Has Google’s AI watermarking system been reverse-engineered?
A developer used 200 AI-generated black images and signal processing to expose Google's invisible watermark patterns.
A software developer, using the pseudonym Aloshdenny, has published a detailed claim of reverse-engineering Google DeepMind's SynthID watermarking system. SynthID is a near-invisible digital watermark embedded into images generated by Google's AI tools, including Gemini Nano and Veo 3, designed to persist even after edits. Aloshdenny's method involved generating 200 pure black images using Gemini, then using signal processing techniques—enhancing contrast, denoising, and averaging patterns—to isolate the watermark's unique frequency signature across color channels. The developer open-sourced their findings on GitHub, noting the process required no neural networks or proprietary access, just significant analysis of the image data.
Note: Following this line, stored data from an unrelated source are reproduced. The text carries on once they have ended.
lemma wedge_Lam1_in_Lam2: "\<theta> \<in> Lam n 1 \<Longrightarrow> \<theta>' \<in> Lam n 1 \<Longrightarrow> wedge \<theta> \<theta>' \<in> Lam n 2"
  using wedge_in_Lam[of \<theta> n 1 \<theta>' 1] by (simp add: numeral_2_eq_2)

lemma wedge_self_Lam1: "\<theta> \<in> Lam n 1 \<Longrightarrow> wedge \<theta> \<theta> = zero_form"
  using wedge_commute[of \<theta> n 1 \<theta> 1] by (auto simp: fun_eq_iff dest: fun_cong)

lemma wedge_basis_forms:
  assumes "finite A" "finite B"
  shows "wedge (basis_form A) (basis_form B) =
    (if A \<inter> B = {} then (\<lambda>K. wsign A B * basis_form (A \<union> B) K) else zero_form)"
proof
  fix K
  show "wedge (basis_form A) (basis_form B) K =
    (if A \<inter> B = {} then (\<lambda>K. wsign A B * basis_form (A \<union> B) K) else zero_form) K"
  proof (cases "finite K")
    case False
    then have "K \<noteq> A \<union> B"
      using assms by auto
    with False show ?thesis
      by (simp add: wedge_infinite basis_form_def)
  next
    case True
    have "A \<subseteq> K \<and> K - A = B \<longleftrightarrow> A \<inter> B = {} \<and> K = A \<union> B"
      by blast
    then show ?thesis
      using wedge_basis_form_left[OF True, of A "basis_form B"]
      by (auto simp: basis_form_def Diff_triv)
  qed
qed

lemma wedge_expansion_left:
  "f \<in> Lam n p \<Longrightarrow> wedge f g = (\<lambda>K. \<Sum>A\<in>ksubsets n p. f A * wedge (basis_form A) g K)"
  by (subst Lam_expansion) (simp_all add: wedge_sum_left)

lemma wedge_expansion_right:
  "g \<in> Lam n q \<Longrightarrow> wedge f g = (\<lambda>K. \<Sum>B\<in>ksubsets n q. g B * wedge f (basis_form B) K)"
  by (subst Lam_expansion) (simp_all add: wedge_sum_right)

lemma form_eq_zero_by_top_pairing:
  assumes mu: "\<mu> \<in> Lam n m"
    and pairing: "\<And>C. C \<in> ksubsets n (n - m) \<Longrightarrow> wedge (basis_form C) \<mu> {..<n} = 0"
  shows "\<mu> = zero_form"
proof (rule ccontr)
  assume "\<mu> \<noteq> zero_form"
  then obtain S where nz: "\<mu> S \<noteq> 0"
    by (auto simp: form_eq_zero_iff)
  then have S: "S \<subseteq> {..<n}" "card S = m"
    using mu unfolding Lam_def by auto
  define C where "C = {..<n} - S"
  have "C \<in> ksubsets n (n - m)" "{..<n} - C = S"
    using S by (auto simp: C_def ksubsets_def card_Diff_subset finite_subset)
  then have "wsign C S * \<mu> S = 0"
    using pairing wedge_basis_form_left[of "{..<n}" C \<mu>] by (simp add: ksubsets_def)
  then show False
    using nz wsign_nonzero by simp
qed

definition complement_form :: "nat \<Rightarrow> nat \<Rightarrow> (nat set \<Rightarrow> real) \<Rightarrow> form" where
  "complement_form n k t =
    (\<lambda>J. if J \<in> ksubsets n (n - k) then wsign ({..<n} - J) J * t ({..<n} - J) else 0)"

lemma complement_form_in_Lam: "complement_form n k t \<in> Lam n (n - k)"
  unfolding Lam_def complement_form_def ksubsets_def by auto

lemma wedge_complement_form:
  assumes "C \<in> ksubsets n k"
  shows "wedge (basis_form C) (complement_form n k t) {..<n} = t C"
proof -
  have C: "C \<subseteq> {..<n}" "card C = k"
    using assms by (auto simp: ksubsets_def)
  then have "{..<n} - C \<in> ksubsets n (n - k)" "{..<n} - ({..<n} - C) = C"
    by (auto simp: ksubsets_def card_Diff_subset finite_subset)
  then show ?thesis
    using C wedge_basis_form_left[of "{..<n}" C] wsign_square[of C "{..<n} - C"]
    by (simp add: complement_form_def mult.assoc[symmetric])
qed

lemma lin_on_add: "lin_on (Lam n k) L \<Longrightarrow> f \<in> Lam n k \<Longrightarrow> g \<in> Lam n k \<Longrightarrow> L (\<lambda>S. f S + g S) = L f + L g"
  unfolding lin_on_def by blast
Despite mapping the watermark's insertion method, Aloshdenny admits they could not fully delete it; the best result was confusing the decoder enough to give a false negative. This partial success led them to praise SynthID's engineering, stating its goal is to 'raise the cost of misuse' rather than be unbreakable. Google has firmly contested the claim. A spokesperson stated it is 'incorrect to say this tool can systematically remove SynthID watermarks,' reaffirming it as a robust tool for AI content identification. The situation highlights the ongoing arms race between content authentication and those seeking to bypass it.
- Developer Aloshdenny used 200 pure black AI-generated images and signal processing to expose SynthID's frequency-based watermark pattern.
- The method can confuse SynthID decoders but cannot fully remove the watermark, which Aloshdenny credits to strong engineering.
- Google disputes the claim, stating SynthID remains an effective and robust watermarking tool for its AI models like Gemini and Veo.
Why It Matters
The integrity of AI content labeling is critical for trust and safety; vulnerabilities in watermarking systems threaten digital media authenticity.